So my job in the afternoons is to wheel the cart out on our deck and let these youngish plants just take in their surroundings.  To soak up some non-diffused sunlight.  To feel the wind in their leaves.  Kind of reminds me of my yoga poses with one leg straight up behind me, arms up high, balancing on my remaining limb, reaching sun-ward.  Forcing me to try to center.  But of course I wobble, it’s hard work keeping things tight and altogether.  And I imagine it’s a similar workout for these young plants, their stems and leaves exposed to the harsh realities of life outside as they, too, reach for the sun.

Which makes me think about our little human seedlings.  More hardy than wispy now, but still in our care, just like our garden growths on our bakery rack.

In fact, this reminds me of a conversation I had with a friend this week about something similar, the attachment theory (I know, random), which basically says when infants form good relationships with their parents, they’re more secure and grounded in their relationships as adults. 

“A theory that describes the dynamics of long-term relationships between humans, starting with the earliest age when an infant needs to develop a relationship with at least one caregiver. It explains significance of the parents' relationship with the child to achieve normal social and emotional development." (Science Dictionary)

It just got me thinking how raising kids and plants are so similar, how God’s pattern shows us how best to do both.  And when they are nurtured in the beginning, given thoughtful care and attention, they both are free to grow into what they were meant to become.  Secure in their roots, confident in their destiny.

Both are coddled in the beginning, tucked in small blankets of dirt or cloth in a tiny singular pot or bed.  Fed small amounts of liquid at consistent intervals.  A secure start to be sure.  In the beginning not much happens.  All they do is sleep, and we’re left to wonder if our freshly-planted seed or newly-born baby will ever open its eyes.  Until one day you barely notice its little green start just peeking above the layer of blackish potting soil.  Your baby staring back at you, one day you see her noticing her hands or turning toward sound, staying awake for longer periods, taking in the world a bit at a time.  Still safe in their cocooned worlds, warm and protected, even as both baby and seed begin to explore in small ways.

But eventually both our seedlings and infants need and long for exposure to the outside world.  In small doses.  A walk with mom, securely bundled up in the stroller or back pack for the first few months.  A blanket for extra comfort.  Later she can sit up a bit on her outings  The blanket drags, catching the wheels, she doesn’t rely on its security as much these days.  Eventually he can walk the path at the zoo holding onto dad’s pointer finger, and before long he feels confident enough to take off on his own.  Carefree, somehow knowing his grownup will be there watching out for him.  Like the plants I pull into the daylight in small doses, allowing them freedom to experience the world’s touch, but never leaving them on their own for long.

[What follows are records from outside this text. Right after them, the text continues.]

lemma index_coeff_relabel_word:
  assumes "inj f"
  shows "index_coeff k (relabel_word f w) = index_coeff k w"
proof -
  have "inj_on f (labels w)"
    using assms by (rule inj_on_subset) simp
  then have "index_coeff k (relabel_word f w)
      = (\<Sum>e\<in>labels w. if chord_index (relabel_word f w) (f e) = k
                        then chord_sign (relabel_word f w) (f e) else 0)"
    unfolding index_coeff_def labels_relabel_word by (simp only: sum.reindex comp_def)
  also have "\<dots> = index_coeff k w"
    unfolding index_coeff_def
    by (intro sum.cong) (simp_all only: chord_index_relabel_word[OF assms]
        chord_sign_relabel_word[OF assms])
  finally show ?thesis .
qed

lemma index_coeff_rotate:
  assumes "gauss_wf (x # w)"
  shows "index_coeff k (x # w) = index_coeff k (w @ [x])"
proof (rule index_coeff_cong)
  fix e assume "e \<in> labels (x # w)"
  then obtain ov sg where ends: "chord_ends e (x # w) = [(e, ov, sg), (e, \<not> ov, \<not> sg)]"
    using assms gauss_wf_iff_chord_ends by blast
  show "chord_index (x # w) e = chord_index (w @ [x]) e \<and> chord_sign (x # w) e = chord_sign (w @ [x]) e"
  proof (cases "fst x = e")
    case True
    then have "x = (e, ov, sg)" and w: "chord_ends e w = [(e, \<not> ov, \<not> sg)]"
      using ends by auto
    moreover have "arc_balance e 1 w = - arc_balance e 0 w"
      using arc_balance_single_end w by simp
    ultimately show ?thesis
      by (auto simp: chord_index_def chord_sign_def arc_balance_append)
  next
    case False
    then show ?thesis
      using ends by (auto simp: chord_index_def chord_sign_def arc_balance_append)
  qed
qed simp

lemma index_coeff_r1:
  assumes c: "c \<notin> labels (w1 @ w2)" and wf: "gauss_wf (w1 @ w2)" and "k \<noteq> 0"
  shows "index_coeff k (w1 @ w2) = index_coeff k (w1 @ [(c, ov, sg), (c, \<not> ov, \<not> sg)] @ w2)"
    (is "_ = index_coeff k ?v")
proof (rule index_coeff_extend[where N = "{c}"])
  have "sign_sum w1 + sign_sum w2 = 0"
    using sign_sum_gauss_wf[OF wf] by simp
  then have "chord_index ?v c = 0"
    using c by (simp add: chord_index_def arc_balance_append arc_balance_not_label)
  then show "(\<Sum>e\<in>{c}. if chord_index ?v e = k then chord_sign ?v e else 0) = 0"
    using \<open>k \<noteq> 0\<close> by simp
  fix e assume "e \<in> labels (w1 @ w2)"
  then have "e \<noteq> c" using c by auto
  then show "chord_index (w1 @ w2) e = chord_index ?v e \<and> chord_sign (w1 @ w2) e = chord_sign ?v e"
    by (intro chord_index_sign_eqI)
      (simp_all add: arc_balance_append arc_balance_not_label letter_sign_def)
qed (use c in auto)

lemma index_coeff_r2:
  assumes cd: "c \<noteq> d" "c \<notin> labels (w1 @ w2 @ w3)" "d \<notin> labels (w1 @ w2 @ w3)"
    and B: "B = [(c, False, \<not> sg), (d, False, sg)] \<or> B = [(d, False, sg), (c, False, \<not> sg)]"
  shows "index_coeff k (w1 @ w2 @ w3)
       = index_coeff k (w1 @ [(c, True, sg), (d, True, \<not> sg)] @ w2 @ B @ w3)"
    (is "_ = index_coeff k ?v")
proof (rule index_coeff_extend[where N = "{c, d}"])
  have "chord_index ?v c = chord_index ?v d" "chord_sign ?v c = - chord_sign ?v d"
    using cd B by (auto simp: chord_index_def chord_sign_def arc_balance_append
        arc_balance_not_label letter_sign_def)
  then show "(\<Sum>e\<in>{c, d}. if chord_index ?v e = k then chord_sign ?v e else 0) = 0"
    using cd(1) by simp
  fix e assume "e \<in> labels (w1 @ w2 @ w3)"
  then have "e \<noteq> c" "e \<noteq> d" using cd by auto
  then show "chord_index (w1 @ w2 @ w3) e = chord_index ?v e
      \<and> chord_sign (w1 @ w2 @ w3) e = chord_sign ?v e"
    using B by (intro chord_index_sign_eqI)
      (auto simp: arc_balance_append arc_balance_not_label letter_sign_def)
qed (use cd B in auto)

lemma index_coeff_rev_blocks:
  assumes disjoint: "labels (P1 @ P2 @ P3) \<inter> labels (w1 @ w2 @ w3 @ w4) = {}"
    and distinct: "distinct (map fst P1)" "distinct (map fst P2)" "distinct (map fst P3)"
    and local_balance: "\<And>e. e \<in> labels (P1 @ P2 @ P3) \<Longrightarrow>
      arc_balance e 0 P1 + arc_balance e (length (chord_ends e P1)) P2
        + arc_balance e (length (chord_ends e (P1 @ P2))) P3
      = arc_balance e 0 (rev P1) + arc_balance e (length (chord_ends e P1)) (rev P2)
        + arc_balance e (length (chord_ends e (P1 @ P2))) (rev P3)"
  shows "index_coeff k (w1 @ P1 @ w2 @ P2 @ w3 @ P3 @ w4)
       = index_coeff k (w1 @ rev P1 @ w2 @ rev P2 @ w3 @ rev P3 @ w4)"
  by (intro index_coeff_cong chord_index_sign_eqI arc_balance_rev_blocks[OF disjoint local_balance])
    (auto simp: rev_chord_ends_if_distinct[OF distinct(1)] rev_chord_ends_if_distinct[OF distinct(2)]
      rev_chord_ends_if_distinct[OF distinct(3)])

text \<open>The local picture of an R3 move is a finite check over the orientations and the
handedness; the heights do not enter the signs.\<close>

lemma r3_local_balance:
  fixes e1 e2 e3 eta :: bool and h1 h2 h3 k12 k13 k23 :: nat
  defines "P1 \<equiv> r3_P1 e1 e2 e3 eta h1 h2 h3 k12 k13 k23"
    and "P2 \<equiv> r3_P2 e1 e2 e3 eta h1 h2 h3 k12 k13 k23"
    and "P3 \<equiv> r3_P3 e1 e2 e3 eta h1 h2 h3 k12 k13 k23"
  assumes "k12 \<noteq> k13" "k12 \<noteq> k23" "k13 \<noteq> k23" and "e \<in> {k12, k13, k23}"
  shows "arc_balance e 0 P1 + arc_balance e (length (chord_ends e P1)) P2
        + arc_balance e (length (chord_ends e (P1 @ P2))) P3
      = arc_balance e 0 (rev P1) + arc_balance e (length (chord_ends e P1)) (rev P2)
        + arc_balance e (length (chord_ends e (P1 @ P2))) (rev P3)"
  using assms(4-7) unfolding P1_def P2_def P3_def
  by (cases e1; cases e2; cases e3; cases eta)
    (auto simp: r3_P1_def r3_P2_def r3_P3_def Let_def r3_sg_def letter_sign_def)

lemma index_coeff_gmove:
  "gmove u v \<Longrightarrow> gauss_wf u \<Longrightarrow> k \<noteq> 0 \<Longrightarrow> index_coeff k u = index_coeff k v"
proof (induction rule: gmove.induct)
  case (rot x w)
  show ?case using rot.prems(1) by (rule index_coeff_rotate)
next
  case (relabel f w)
  show ?case by (rule index_coeff_relabel_word[OF relabel.hyps, symmetric])
next
  case (r1 c w1 w2 ov sg)
  then show ?case by (rule index_coeff_r1)
next
  case (r2a c d w1 w2 w3 sg)
  then show ?case by (intro index_coeff_r2) auto
next
  case (r2b c d w1 w2 w3 sg)
  then show ?case by (intro index_coeff_r2) auto
next
  case (r3 h1 h2 h3 k12 k13 k23 w1 w2 w3 w4 e1 e2 e3 eta)
  then show ?case
    unfolding r3_blocks_flip
    by (intro index_coeff_rev_blocks r3_blocks_distinct r3_local_balance)
      (auto simp: r3_blocks_labels)
qed

lemma virt_equiv_index_coeff:
  assumes "virt_equiv u v" "gauss_wf u" "k \<noteq> 0"
  shows "gauss_wf v \<and> index_coeff k u = index_coeff k v"
  using assms(1) unfolding virt_equiv_def
proof (induction rule: rtranclp_induct)
  case (step y z)
  then have "gauss_wf y" "index_coeff k u = index_coeff k y" by auto
  with step.hyps(2) show ?case
    using gauss_wf_gmove index_coeff_gmove[OF _ _ assms(3)] by metis
qed (use assms(2) in simp)

subsection \<open>The diagrams A_n\<close>

lemma labels_map_ends [simp]: "labels (map (\<lambda>j. (j, P j, b)) xs) = set xs"
  by (induction xs) auto

lemma sign_sum_map_ends [simp]:
  "sign_sum (map (\<lambda>j. (j, P j, b)) xs) = (if b then int (length xs) else - int (length xs))"
  by (induction xs) (auto simp: letter_sign_def)

lemma labels_arrowA: "labels (arrowA n) = {0..n}"
  by (auto simp: arrowA_def simp del: upt_Suc)

lemma arrowA_chord_x:
  "chord_ends 0 (arrowA n) = [(0, True, True), (0, False, False)]"
  "chord_index (arrowA n) 0 = 2 * int n"
  "chord_sign (arrowA n) 0 = 1"
  by (auto simp: arrowA_def chord_index_def chord_sign_def arc_balance_append
      arc_balance_not_label letter_sign_def)

lemma arrowA_chord_y:
  assumes "1 \<le> j" "j \<le> n"
  shows "chord_ends j (arrowA n) = [(j, odd (n - j), True), (j, \<not> odd (n - j), False)]"
    and "chord_index (arrowA n) j \<in> {2, -2}"
proof -
  have "[1..<n+1] = [1..<j] @ [j..<n+1]"
    using assms upt_add_eq_append[of 1 j "n + 1 - j"] by simp
  also have "[j..<n+1] = j # [Suc j..<n+1]"
    using assms by (simp add: upt_conv_Cons)
  finally have split: "[1..<n+1] = [1..<j] @ j # [Suc j..<n+1]" .
  show "chord_ends j (arrowA n) = [(j, odd (n - j), True), (j, \<not> odd (n - j), False)]"
    using assms unfolding arrowA_def split by simp
  have "arc_balance j 0 (arrowA n) = -2"
    using assms unfolding arrowA_def split
    by (simp add: arc_balance_append arc_balance_not_label letter_sign_def)
  then show "chord_index (arrowA n) j \<in> {2, -2}"
    by (simp add: chord_index_def)
qed

lemma gauss_wf_arrowA: "gauss_wf (arrowA n)"
  unfolding gauss_wf_iff_chord_ends labels_arrowA
proof
  fix c assume "c \<in> {0..n}"
  then consider "c = 0" | "1 \<le> c" "c \<le> n" by force
  then show "\<exists>ov sg. chord_ends c (arrowA n) = [(c, ov, sg), (c, \<not> ov, \<not> sg)]"
    by cases (use arrowA_chord_x arrowA_chord_y in auto)
qed

lemma index_coeff_arrowA:
  assumes "2 \<le> N"
  shows "index_coeff (2 * int N) (arrowA n) = (if n = N then 1 else 0)"
proof -
  have "chord_index (arrowA n) e \<noteq> 2 * int N" if "e \<in> {1..n}" for e
    using arrowA_chord_y(2)[of e n] that assms by auto
  then have "(\<Sum>e\<in>{1..n}. if chord_index (arrowA n) e = 2 * int N
      then chord_sign (arrowA n) e else 0) = 0"
    by simp
  then show ?thesis
    unfolding index_coeff_def labels_arrowA Icc_eq_insert_lb_nat[OF le0]
    using assms by (simp add: arrowA_chord_x)
qed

In a million different ways we parents teach our kids almost without realizing it, in the same way we "harden" our young plants.  We permit them both to experience light and rain, soft breezes and sudden gusts.  The process is gradual and over time we lengthen or intensify the exposure, bringing them back into our care after a short period of maybe a morning at preschool or a 15 minute sunbath on the back porch.   Nothing overwhelming, just a starting point.  But seeds and kids adjust and eventually they're used to school and being in the fresh air.

Like most of you, we’ve taken our kids camping since they were babies, just letting them feel the outdoors becoming second-nature to them, but pulling them back in the tent and wrapping them up warmly overnight.  Then on to father-son campouts, exposing them a bit more to the cooking and setting up camp, their leaves reaching out, still safe with dad close by, like our seedlings’ afternoon sunbath.  Eventually they’re off on their own to scout camp for a week, independent, out for most of the day.  My favorite is when they take off to the mountains with their friends.  Enjoying the full sun, a little wind, but surely stronger for the exposure.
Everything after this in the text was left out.